Eva Ionesco accuse Emmanuel Pierrat de détention de ses photos pédopornographiques

Sophie Lambert

Voici une reformulation complète du texte, en conservant l’intégralité de l’information tout en utilisant des termes et une structure différents :

Une plainte a été déposée contre l’avocat Emmanuel Pierrat par l’autrice Eva Ionesco, qui l’accuse de détenir et de garder en sa possession des photographies à caractère pornographique, prises durant son enfance par sa propre mère. Depuis plusieurs années, Eva Ionesco tente d’empêcher la diffusion de ces images. La démarche, qui consiste à déposer une plainte avec constitution de partie civile, a été envoyée au parquet de Paris, comme l’ont confirmé Mes Lisa Gordet et Benjamin Chouai, apportant ainsi une confirmation à une information révélée par le journal Libération.

Il s’agit là d’une étape supplémentaire dans une longue procédure judiciaire que mène Eva Ionesco, âgée de 61 ans, pour faire obstacle à la commercialisation de clichés que sa défunte mère, la photographe Irina Ionesco — décédée en 2022 — avait pris d’elle lorsqu’elle était mineure, entre l’âge de 4 et 11 ans. Très proche de sa mère, Me Pierrat, qui a aujourd’hui 58 ans, est également son exécuteur testamentaire. Eva Ionesco l’accuse d’avoir en sa possession des photos à caractère érotique et pornographique, malgré des décisions de justice qui auraient dû lui interdire de détenir ou de diffuser ces images. La plainte, dont l’AFP a obtenu une copie, dénonce le fait qu’elle aurait exposé ces clichés dans son cabinet et qu’elle tenterait de les vendre en secret, notamment lors d’enchères.

Selon l’agence, Emmanuel Pierrat n’a pas répondu lorsqu’il fut contacté par l’AFP. Il est également attendu pour un jugement prévu le 9 septembre dans une affaire distincte de harcèlement moral portée contre lui par certains de ses collaborateurs. La plainte indique que, depuis de nombreuses années, Eva Ionesco lutte pour que soient saisies ces images, qu’elle considère comme des preuves de maltraitance et d’abus. La jeune femme subit également une humiliation publique persistante liée à la nature exploitée de son image lors de séances photographiques alors qu’elle était mineure, un traitement qu’elle qualifie d’odieux.

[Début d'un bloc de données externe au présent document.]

(* Let $p\neq 3$ be a prime, let $r\geq 7$, and let $C(x_1,\ldots,x_r)=a_1x_1^3+a_2x_2^3+\cdots+a_rx_r^3$ with $a_1,\ldots,a_r$ integers and $a_1a_2\cdots a_r\neq 0$. Then $R(C)$ is dense in $\mathbb{Q}_p$.
   Context: For an integral form $F$ in $r$ variables, $R(F)=\{F(\overline{x})/F(\overline{y}):\overline{x},\overline{y}\in\mathbb{Z}^r,\ F(\overline{y})\neq 0\}$, viewed as a subset of the field $\mathbb{Q}_p$ of $p$-adic numbers with its $p$-adic topology. *)

theory Defs
  imports Complex_Main "HOL-Computational_Algebra.Computational_Algebra"
begin

definition padic_val :: "nat \<Rightarrow> rat \<Rightarrow> int" where
  "padic_val p q = (case quotient_of q of (a, b) \<Rightarrow>
      int (multiplicity (int p) a) - int (multiplicity (int p) b))"

definition padic_abs :: "nat \<Rightarrow> rat \<Rightarrow> real" where
  "padic_abs p q = (if q = 0 then 0 else real p powr (- real_of_int (padic_val p q)))"

(* R(F) = { F(x)/F(y) : x, y in Z^r, F(y) \<noteq> 0 } for a form F : Z^r -> Z,
   integer vectors of length r represented as functions nat => int (only
   coordinates i < r matter for the forms considered) *)
definition ratio_set :: "((nat \<Rightarrow> int) \<Rightarrow> int) \<Rightarrow> rat set" where
  "ratio_set F = {of_int (F x) / of_int (F y) | x y. F y \<noteq> 0}"

definition diag_cubic :: "nat \<Rightarrow> (nat \<Rightarrow> int) \<Rightarrow> (nat \<Rightarrow> int) \<Rightarrow> int" where
  "diag_cubic r a x = (\<Sum>i<r. a i * x i ^ 3)"

(* A set S of rationals is dense in Q_p.  Since Q is dense in Q_p, this holds
   iff every rational can be approximated arbitrarily well p-adically by
   elements of S. *)
definition padic_dense :: "nat \<Rightarrow> rat set \<Rightarrow> bool" where
  "padic_dense p S \<longleftrightarrow> (\<forall>q::rat. \<forall>e::real. e > 0 \<longrightarrow> (\<exists>s\<in>S. padic_abs p (s - q) < e))"

end

theory Submission
  imports Defs "HOL-Number_Theory.Number_Theory"
begin

(* Every element of Q_p is a limit of rationals, so it suffices to approximate a rational m/n
   p-adically by quotients C(x)/C(y).  Among seven nonzero coefficients, three have p-adic
   valuations congruent mod 3; rescaling their variables by powers of p gives them a common
   valuation V, and a diagonal ternary cubic with unit coefficients has a nontrivial zero mod p
   (for p = 2 mod 3 every unit is a cube, for p = 1 mod 3 a counting argument on the cubic
   residue classes applies).  This yields w such that one term a_i w_i^3 has valuation exactly e
   while p^(e+1) divides C(w).  As p <> 3, Newton's method in the variable x_i lifts w to a zero
   of C modulo p^(e+2M).  Replacing w_i by w_i (1 + p^M t) then gives
   C = p^(e+M) (3 u t + p^M R(t)) with u a unit, so the values at t = m and t = n have ratio
   m/n + O(p^(M - 2 v_p(n))). *)

section \<open>Units modulo a prime\<close>

lemma prime_not_dvd_one:
  assumes "prime p"
  shows "\<not> int p dvd 1"
  using prime_gt_1_nat[OF assms] by simp

lemma prime_not_dvd_3:
  assumes "prime p" and "p \<noteq> 3"
  shows "\<not> int p dvd 3"
proof
  assume "int p dvd 3"
  hence "p dvd 3" by (metis int_dvd_int_iff of_nat_numeral)
  with assms show False using primes_dvd_imp_eq[of p 3] by simp
qed

lemma prime_mod_3_cases:
  fixes p :: nat
  assumes "prime p" and "p \<noteq> 3"
  shows "p mod 3 = 1 \<or> p mod 3 = 2"
proof -
  have "\<not> 3 dvd p"
    using assms primes_dvd_imp_eq[of 3 p] by auto
  thus ?thesis by presburger
qed

lemma coprime_if_not_prime_dvd:
  assumes "prime p" and "\<not> int p dvd t"
  shows "coprime t (int p)"
proof -
  have "prime (int p)" using assms(1) by simp
  thus ?thesis using assms(2) by (metis prime_imp_coprime coprime_commute)
qed

lemma prime_not_dvd_mult:
  assumes "prime p" and "\<not> int p dvd s" and "\<not> int p dvd t"
  shows "\<not> int p dvd s * t"
proof -
  have "prime (int p)" using assms(1) by simp
  thus ?thesis using assms(2,3) by (simp add: prime_dvd_mult_iff)
qed

lemma prime_not_dvd_modular_inverse:
  assumes "prime p" and "\<not> int p dvd t"
  shows "\<not> int p dvd modular_inverse (int p) t"
proof
  assume "int p dvd modular_inverse (int p) t"
  moreover have "coprime (modular_inverse (int p) t) (int p)"
    using coprime_if_not_prime_dvd[OF assms] by simp
  ultimately have "is_unit (int p)" by (meson coprime_common_divisor dvd_refl)
  thus False using assms(1) by simp
qed

lemma cong_modular_inverse_prime:
  assumes "prime p" and "\<not> int p dvd t"
  shows "[t * modular_inverse (int p) t = 1] (mod int p)"
  using coprime_if_not_prime_dvd[OF assms] by (rule cong_modular_inverse1)

lemma modular_inverse_cong_imp_cong:
  assumes "prime p" and "\<not> int p dvd s" and "\<not> int p dvd t"
    and "[modular_inverse (int p) s = modular_inverse (int p) t] (mod int p)"
  shows "[s = t] (mod int p)"
proof -
  let ?i = "modular_inverse (int p)"
  have "[s = s * (t * ?i t)] (mod int p)"
    using cong_mult[OF cong_refl[of s] cong_modular_inverse_prime[OF assms(1,3)]]
    by (simp add: cong_sym_eq)
  also have "s * (t * ?i t) = t * (s * ?i t)" by simp
  also have "[t * (s * ?i t) = t * (s * ?i s)] (mod int p)"
    by (intro cong_mult cong_refl) (simp add: assms(4) cong_sym)
  also have "[t * (s * ?i s) = t * 1] (mod int p)"
    by (intro cong_mult cong_refl cong_modular_inverse_prime assms(1,2))
  finally show ?thesis by simp
qed

lemma fermat_theorem_int:
  assumes "prime p" and "\<not> int p dvd t"
  shows "[t ^ (p - 1) = 1] (mod int p)"
proof -
  have "residues (int p)"
    using prime_gt_1_nat[OF assms(1)] by (simp add: residues_def)
  hence "[t ^ totient (nat (int p)) = 1] (mod int p)"
    using coprime_if_not_prime_dvd[OF assms] by (rule residues.euler_theorem)
  thus ?thesis using assms(1) by (simp add: totient_prime)
qed

lemma cube_root_mod_prime_2_mod_3:
  assumes "prime p" and "p mod 3 = 2" and "\<not> int p dvd t"
  shows "[(t ^ ((2 * p - 1) div 3)) ^ 3 = t] (mod int p)"
proof -
  have "3 * ((2 * p - 1) div 3) = 2 * (p - 1) + 1"
    using assms(2) prime_ge_2_nat[OF assms(1)] by presburger
  hence "(t ^ ((2 * p - 1) div 3)) ^ 3 = t * (t ^ (p - 1)) ^ 2"
    by (metis power_mult mult.commute power_add power_one_right)
  also have "[\<dots> = t * 1 ^ 2] (mod int p)"
    by (intro cong_mult cong_pow cong_refl fermat_theorem_int assms(1,3))
  finally show ?thesis by simp
qed

lemma cube_multiple_mod_prime_2_mod_3:
  assumes "prime p" and "p mod 3 = 2" and "\<not> int p dvd v" and "\<not> int p dvd t"
  shows "\<exists>y. [v * y ^ 3 = t] (mod int p)"
proof -
  define v' where "v' = modular_inverse (int p) v"
  have "\<not> int p dvd t * v'"
    using prime_not_dvd_mult[OF assms(1,4) prime_not_dvd_modular_inverse[OF assms(1,3)]]
    by (simp add: v'_def)
  hence "[v * ((t * v') ^ ((2 * p - 1) div 3)) ^ 3 = v * (t * v')] (mod int p)"
    using cube_root_mod_prime_2_mod_3[OF assms(1,2)] by (intro cong_mult cong_refl)
  also have "v * (t * v') = t * (v * v')" by simp
  also have "[t * (v * v') = t * 1] (mod int p)"
    using cong_modular_inverse_prime[OF assms(1,3)]
    by (intro cong_mult cong_refl) (simp add: v'_def)
  finally show ?thesis by auto
qed

section \<open>Cubic residue classes modulo a prime \<open>p \<equiv> 1 (mod 3)\<close>\<close>

(* The discrete logarithm of t to the base g, reduced mod 3.  For a primitive root g modulo a
   prime p = 1 (mod 3) it is well defined on units, and the units of class 0 are exactly the
   cubes; on multiples of p its value is meaningless. *)
definition cube_class :: "nat \<Rightarrow> nat \<Rightarrow> int \<Rightarrow> nat" where
  "cube_class p g t = (SOME k. [int g ^ k = t] (mod int p)) mod 3"

lemma cube_class_less_3: "cube_class p g t < 3"
  by (simp add: cube_class_def)

lemma cube_class_cases: "cube_class p g t \<in> {0, 1, 2}"
  using cube_class_less_3[of p g t] by auto

definition cube_class_residues :: "nat \<Rightarrow> nat \<Rightarrow> nat \<Rightarrow> int set" where
  "cube_class_residues p g j = {x \<in> {1..int p - 1}. cube_class p g x = j}"

lemma finite_cube_class_residues: "finite (cube_class_residues p g j)"
  by (rule finite_subset[of _ "{1..int p - 1}"]) (auto simp: cube_class_residues_def)

locale prime_1_mod_3_primroot =
  fixes p g :: nat
  assumes prime: "prime p" and primroot: "residue_primroot p g" and one_mod_3: "p mod 3 = 1"
begin

lemma exists_primroot_power_cong:
  assumes "\<not> int p dvd t"
  shows "\<exists>k. [int g ^ k = t] (mod int p)"
proof -
  have p1: "p > 1" using prime prime_gt_1_nat by blast
  define s where "s = nat (t mod int p)"
  have st: "int s = t mod int p" unfolding s_def using p1 by simp
  have "\<not> p dvd s"
  proof
    assume "p dvd s"
    hence "int p dvd t mod int p" using st by (metis int_dvd_int_iff)
    thus False using assms by (simp add: dvd_mod_iff)
  qed
  moreover have "int s < int p" using st p1 by simp
  ultimately have "s \<in> totatives p"
    using prime by (auto simp: totatives_def prime_imp_coprime coprime_commute intro!: Nat.gr0I)
  then obtain k where "s = g ^ k mod p"
    using residue_primroot_is_generator[OF p1 primroot] by (auto simp: bij_betw_def)
  hence "int g ^ k mod int p = t mod int p" using st by (simp add: of_nat_mod)
  thus ?thesis by (auto simp: cong_def)
qed

lemma primroot_exponent_cong_mod_3:
  assumes "[int g ^ k = int g ^ l] (mod int p)"
  shows "[k = l] (mod 3)"
proof -
  have "[g ^ k = g ^ l] (mod p)" using assms by (metis cong_int_iff of_nat_power)
  moreover have "coprime p g" using primroot by (simp add: residue_primroot_def)
  ultimately have "[k = l] (mod ord p g)" using order_divides_expdiff by blast
  moreover have "ord p g = p - 1"
    using primroot prime by (simp add: residue_primroot_def totient_prime)
  moreover have "3 dvd p - 1" using one_mod_3 by presburger
  ultimately show ?thesis using cong_dvd_modulus_nat by metis
qed

lemma cube_class_eqI:
  assumes "[int g ^ k = t] (mod int p)"
  shows "cube_class p g t = k mod 3"
proof -
  define l where "l = (SOME l. [int g ^ l = t] (mod int p))"
  have "[int g ^ l = t] (mod int p)" unfolding l_def using assms by (rule someI)
  hence "[k = l] (mod 3)" using assms by (meson cong_sym cong_trans primroot_exponent_cong_mod_3)
  thus ?thesis unfolding cube_class_def l_def[symmetric] by (simp add: cong_def)
qed

lemma cube_class_cong:
  assumes "[s = t] (mod int p)" and "\<not> int p dvd t"
  shows "cube_class p g s = cube_class p g t"
proof -
  obtain k where k: "[int g ^ k = t] (mod int p)" using exists_primroot_power_cong assms(2) by blast
  hence "[int g ^ k = s] (mod int p)" using assms(1) by (meson cong_sym cong_trans)
  thus ?thesis using cube_class_eqI k by simp
qed

lemma cube_class_mult:
  assumes "\<not> int p dvd s" and "\<not> int p dvd t"
  shows "cube_class p g (s * t) = (cube_class p g s + cube_class p g t) mod 3"
proof -
  obtain k where k: "[int g ^ k = s] (mod int p)" using exists_primroot_power_cong assms(1) by blast
  obtain l where l: "[int g ^ l = t] (mod int p)" using exists_primroot_power_cong assms(2) by blast
  have "[int g ^ (k + l) = s * t] (mod int p)" using cong_mult[OF k l] by (simp add: power_add)
  thus ?thesis using cube_class_eqI k l by (simp add: mod_add_eq)
qed

lemma cube_class_one: "cube_class p g 1 = 0"
  using cube_class_eqI[of 0 1] by simp

lemma cube_class_cube:
  assumes "\<not> int p dvd y"
  shows "cube_class p g (y ^ 3) = 0"
proof -
  obtain k where "[int g ^ k = y] (mod int p)" using exists_primroot_power_cong assms by blast
  hence "[int g ^ (3 * k) = y ^ 3] (mod int p)"
    by (metis cong_pow power_mult mult.commute)
  thus ?thesis using cube_class_eqI by simp
qed

lemma cube_class_uminus:
  assumes "\<not> int p dvd z"
  shows "cube_class p g (- z) = cube_class p g z"
proof -
  have "cube_class p g ((- 1) ^ 3 * z) = cube_class p g z"
    using cube_class_mult[of "(- 1) ^ 3" z] cube_class_cube[of "- 1"] cube_class_less_3 assms
      prime_not_dvd_one[OF prime]
    by simp
  thus ?thesis by simp
qed

lemma cube_class_modular_inverse:
  assumes "\<not> int p dvd v"
  shows "(cube_class p g v + cube_class p g (modular_inverse (int p) v)) mod 3 = 0"
  using cube_class_cong[OF cong_modular_inverse_prime[OF prime assms] prime_not_dvd_one[OF prime]]
    cube_class_mult[OF assms prime_not_dvd_modular_inverse[OF prime assms]] cube_class_one
  by simp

Une autre étape importante dans cette affaire concerne la clôture, début mai, d’une procédure simplifiée, qui n’a pas abouti faute de preuves suffisantes. Eva Ionesco exprime toutefois son mécontentement car aucune recherche n’a été menée chez Me Pierrat pour retrouver les clichés en question. Elle ajoute également avoir dû, de façon urgente, suspendre une vente aux enchères organisée en mai dernier, pour empêcher la diffusion des photographies. Cette démarche illustre tout le combat de la plaignante contre la perte de son enfance et la préservation de son droit à la confidentialité, ainsi que la volonté de contrôler l’utilisation de son image.

Les avocats de la plaignante, Mes Gordet et Chouai, précisent que « l’enfance d’Eva Ionesco a été volée » et que, jusqu’à présent, elle doit continuer à lutter contre Me Pierrat. La plainte représente aujourd’hui la seule issue possible pour que les œuvres soient saisies, car une personne ne peut être réduite à une simple œuvre artistique. La justice pénale doit maintenant trancher pour déterminer si ces clichés doivent être considérés comme des preuves ou non, et si leur détention ou leur diffusion est légitime ou abusive.

Ce contexte est toujours à suivre, car ces dossiers complexes mettent en lumière des enjeux de vie privée, de droits des mineurs et de liberté d’expression, tout en soulevant des questions relatives à la réparation et à la justice pour les victimes d’abus ou d’exploitation durant leur enfance.

Sophie Lambert

Sophie Lambert

Née à Colmar et passionnée par les enjeux sociaux et environnementaux, j’ai choisi le journalisme pour donner la parole à celles et ceux qu’on n’entend pas. Je crois en une presse locale libre, engagée et accessible à toutes et tous.